# Question About Moving Nymphs Into New Housing



## ladygigi (May 15, 2013)

I've made some deli cups  and am going to move some of my nymphs into them and start separating them today.  I am now up to 15 and have been at that number for a couple of days now. ^_^ My question is this. Once I move them from the terrarium into the deli cups, should I feed them or wait a day or so to give them time to adapt to their new surroundings? (I feed them ff's.) The nymphs are 2nd Instar or L2's that I'll be moving mostly.
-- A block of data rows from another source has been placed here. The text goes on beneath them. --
(* Let $A \in \mathbb{Z}^{(n-2)\times n}$ have rank $n-2$ with $\ker_{\mathbb{Z}}A\cap\mathbb{N}^n=\{0\}$, let $B$ be a Gale transform of $A$ with all rows nonzero, and let $\tilde B=\{\tilde b_1,\dots,\tilde b_n\}$ be the reduced Gale transform. Then $I_A$ is strongly robust if and only if $-\tilde b_i\in\mathcal{H}_A$ for every $i=1,\dots,n$.
   Context: $I_A = \langle p^u - p^v : u,v\in\mathbb{N}^n,\ Au = Av\rangle \subseteq \mathbb{K}[p_1,\dots,p_n]$. For $u \in \mathbb{N}^n$, $\mathcal{F}(u)=\{v\in\mathbb{N}^n : Av = Au\}$. A binomial $p^u - p^v$ is indispensable if $\mathcal{F}(u)=\{u,v\}$ and $\mathrm{supp}(u)\cap\mathrm{supp}(v)=\emptyset$; the set of these is $\mathcal{S}(A)$. A binomial $p^u-p^v\in I_A$ is primitive if there is no other binomial $p^{u'}-p^{v'}\in I_A$ with $p^{u'}\mid p^u$ and $p^{v'}\mid p^v$; the Graver basis $\mathcal{G}r(A)$ is the set of primitive binomials. $I_A$ is strongly robust if $\mathcal{S}(A)=\mathcal{G}r(A)$. A Gale transform of $A$ is an $n\times 2$ integer matrix $B$ whose columns form a basis of $\ker_{\mathbb{Z}}A$, with rows $b_i=(b_{i1},b_{i2})$. The reduced Gale transform is $\tilde B$ with $\tilde b_i=\gcd(b_{i1},b_{i2})^{-1}(-b_{i2},b_{i1})$. Since $\ker_{\mathbb{Z}}A\cap\mathbb{N}^n=\{0\}$, the $\tilde b_i$ are not contained in any closed half-plane through the origin; index them in cyclic (counterclockwise angular) order so that for each $i$ (with $\tilde b_{n+1}=\tilde b_1$) no other $\tilde b_j$ lies in the interior of $\mathrm{cone}(\tilde b_i,\tilde b_{i+1})$. Let $H_i$ be the Hilbert basis (minimal generating set of the monoid $\mathrm{cone}(\tilde b_i,\tilde b_{i+1})\cap\mathbb{Z}^2$). The Hilbert basis of the reduced Gale configuration is $\mathcal{H}_A=\{u\in\mathbb{Z}^2 : u\in H_1\cup\cdots\cup H_n \text{ and } -u\in H_1\cup\cdots\cup H_n\}$. *)

theory Defs
  imports Complex_Main
begin

text \<open>Integer matrices are functions nat => nat => int, indexed by row and column;
  integer/natural vectors are functions nat => _ with entries beyond the dimension
  ignored (integer vectors) or required to be zero (natural vectors).\<close>

definition full_row_rank :: "(nat \<Rightarrow> nat \<Rightarrow> int) \<Rightarrow> nat \<Rightarrow> nat \<Rightarrow> bool" where
  "full_row_rank A m n \<longleftrightarrow>
     (\<forall>y :: nat \<Rightarrow> real. (\<forall>j<n. (\<Sum>i<m. y i * of_int (A i j)) = 0) \<longrightarrow> (\<forall>i<m. y i = 0))"

definition pointed_kernel :: "(nat \<Rightarrow> nat \<Rightarrow> int) \<Rightarrow> nat \<Rightarrow> nat \<Rightarrow> bool" where
  "pointed_kernel A m n \<longleftrightarrow>
     (\<forall>x :: nat \<Rightarrow> int. (\<forall>j<n. x j \<ge> 0) \<and> (\<forall>i<m. (\<Sum>j<n. A i j * x j) = 0)
        \<longrightarrow> (\<forall>j<n. x j = 0))"

text \<open>B (rows b j = (b_j1, b_j2), j < n) is a Gale transform of A: its two columns
  form a Z-basis of ker_Z A.\<close>
definition gale_transform ::
  "(nat \<Rightarrow> nat \<Rightarrow> int) \<Rightarrow> nat \<Rightarrow> nat \<Rightarrow> (nat \<Rightarrow> int \<times> int) \<Rightarrow> bool" where
  "gale_transform A m n b \<longleftrightarrow>
     (\<forall>i<m. (\<Sum>j<n. A i j * fst (b j)) = 0) \<and>
     (\<forall>i<m. (\<Sum>j<n. A i j * snd (b j)) = 0) \<and>
     (\<forall>x :: nat \<Rightarrow> int. (\<forall>i<m. (\<Sum>j<n. A i j * x j) = 0) \<longrightarrow>
        (\<exists>!l :: int \<times> int. \<forall>j<n. x j = fst l * fst (b j) + snd l * snd (b j)))"

definition reduced_gale :: "int \<times> int \<Rightarrow> int \<times> int" where
  "reduced_gale v = (- snd v div gcd (fst v) (snd v), fst v div gcd (fst v) (snd v))"

definition to_complex :: "int \<times> int \<Rightarrow> complex" where
  "to_complex v = Complex (of_int (fst v)) (of_int (snd v))"

definition ccw_order :: "nat \<Rightarrow> (nat \<Rightarrow> int \<times> int) \<Rightarrow> (nat \<Rightarrow> nat) \<Rightarrow> bool" where
  "ccw_order n bt \<sigma> \<longleftrightarrow> bij_betw \<sigma> {..<n} {..<n} \<and>
     (\<forall>i j. i \<le> j \<and> j < n \<longrightarrow> Arg (to_complex (bt (\<sigma> i))) \<le> Arg (to_complex (bt (\<sigma> j))))"

definition cone_monoid :: "int \<times> int \<Rightarrow> int \<times> int \<Rightarrow> (int \<times> int) set" where
  "cone_monoid u v = {x. \<exists>a b :: real. a \<ge> 0 \<and> b \<ge> 0 \<and>
      of_int (fst x) = a * of_int (fst u) + b * of_int (fst v) \<and>
      of_int (snd x) = a * of_int (snd u) + b * of_int (snd v)}"

definition generates :: "(int \<times> int) set \<Rightarrow> (int \<times> int) set \<Rightarrow> bool" where
  "generates G M \<longleftrightarrow> (\<forall>x\<in>M. \<exists>F (c :: int \<times> int \<Rightarrow> nat). finite F \<and> F \<subseteq> G \<and>
      x = ((\<Sum>g\<in>F. int (c g) * fst g), (\<Sum>g\<in>F. int (c g) * snd g)))"

definition hilbert_basis :: "(int \<times> int) set \<Rightarrow> (int \<times> int) set" where
  "hilbert_basis M = (THE G. G \<subseteq> M \<and> generates G M \<and> (\<forall>G'. G' \<subset> G \<longrightarrow> \<not> generates G' M))"

definition neg2 :: "int \<times> int \<Rightarrow> int \<times> int" where
  "neg2 v = (- fst v, - snd v)"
Maybe a couple of 1st Instars or L1's.


----------



## jrh3 (May 15, 2013)

i would feed them maybe some wasnt getting food in the aquarium . i dont think it matters, when you move them the best thing to use is BBQ skewers, the cheap little bamboo ones will make it easy for them to climb on and transfer although they like to jump and are fast atthat age i would put the deli cup in the tterrarium and transfer inside so if any get crazy you wont lose one lol.


----------



## Rick (May 15, 2013)

If it's feeding time go ahead and feed. They don't really need any time to adjust in most cases. Usually moving enclosures can be done without stressing them out.


----------



## D_Hemptress (May 15, 2013)

just feed them, they'll eat if they are hungry


----------



## fleurdejoo (May 15, 2013)

I would definitely feed. Nymphs should always have access to food.


----------



## Krissim Klaw (May 16, 2013)

No need for them to adjust. Then again I often pull my nymphs out and feed them outside of the cage. XD


----------



## dgerndt (May 17, 2013)

They should be fine. If anything, they may be less stressed in an environment with fewer mantids to bump into.


----------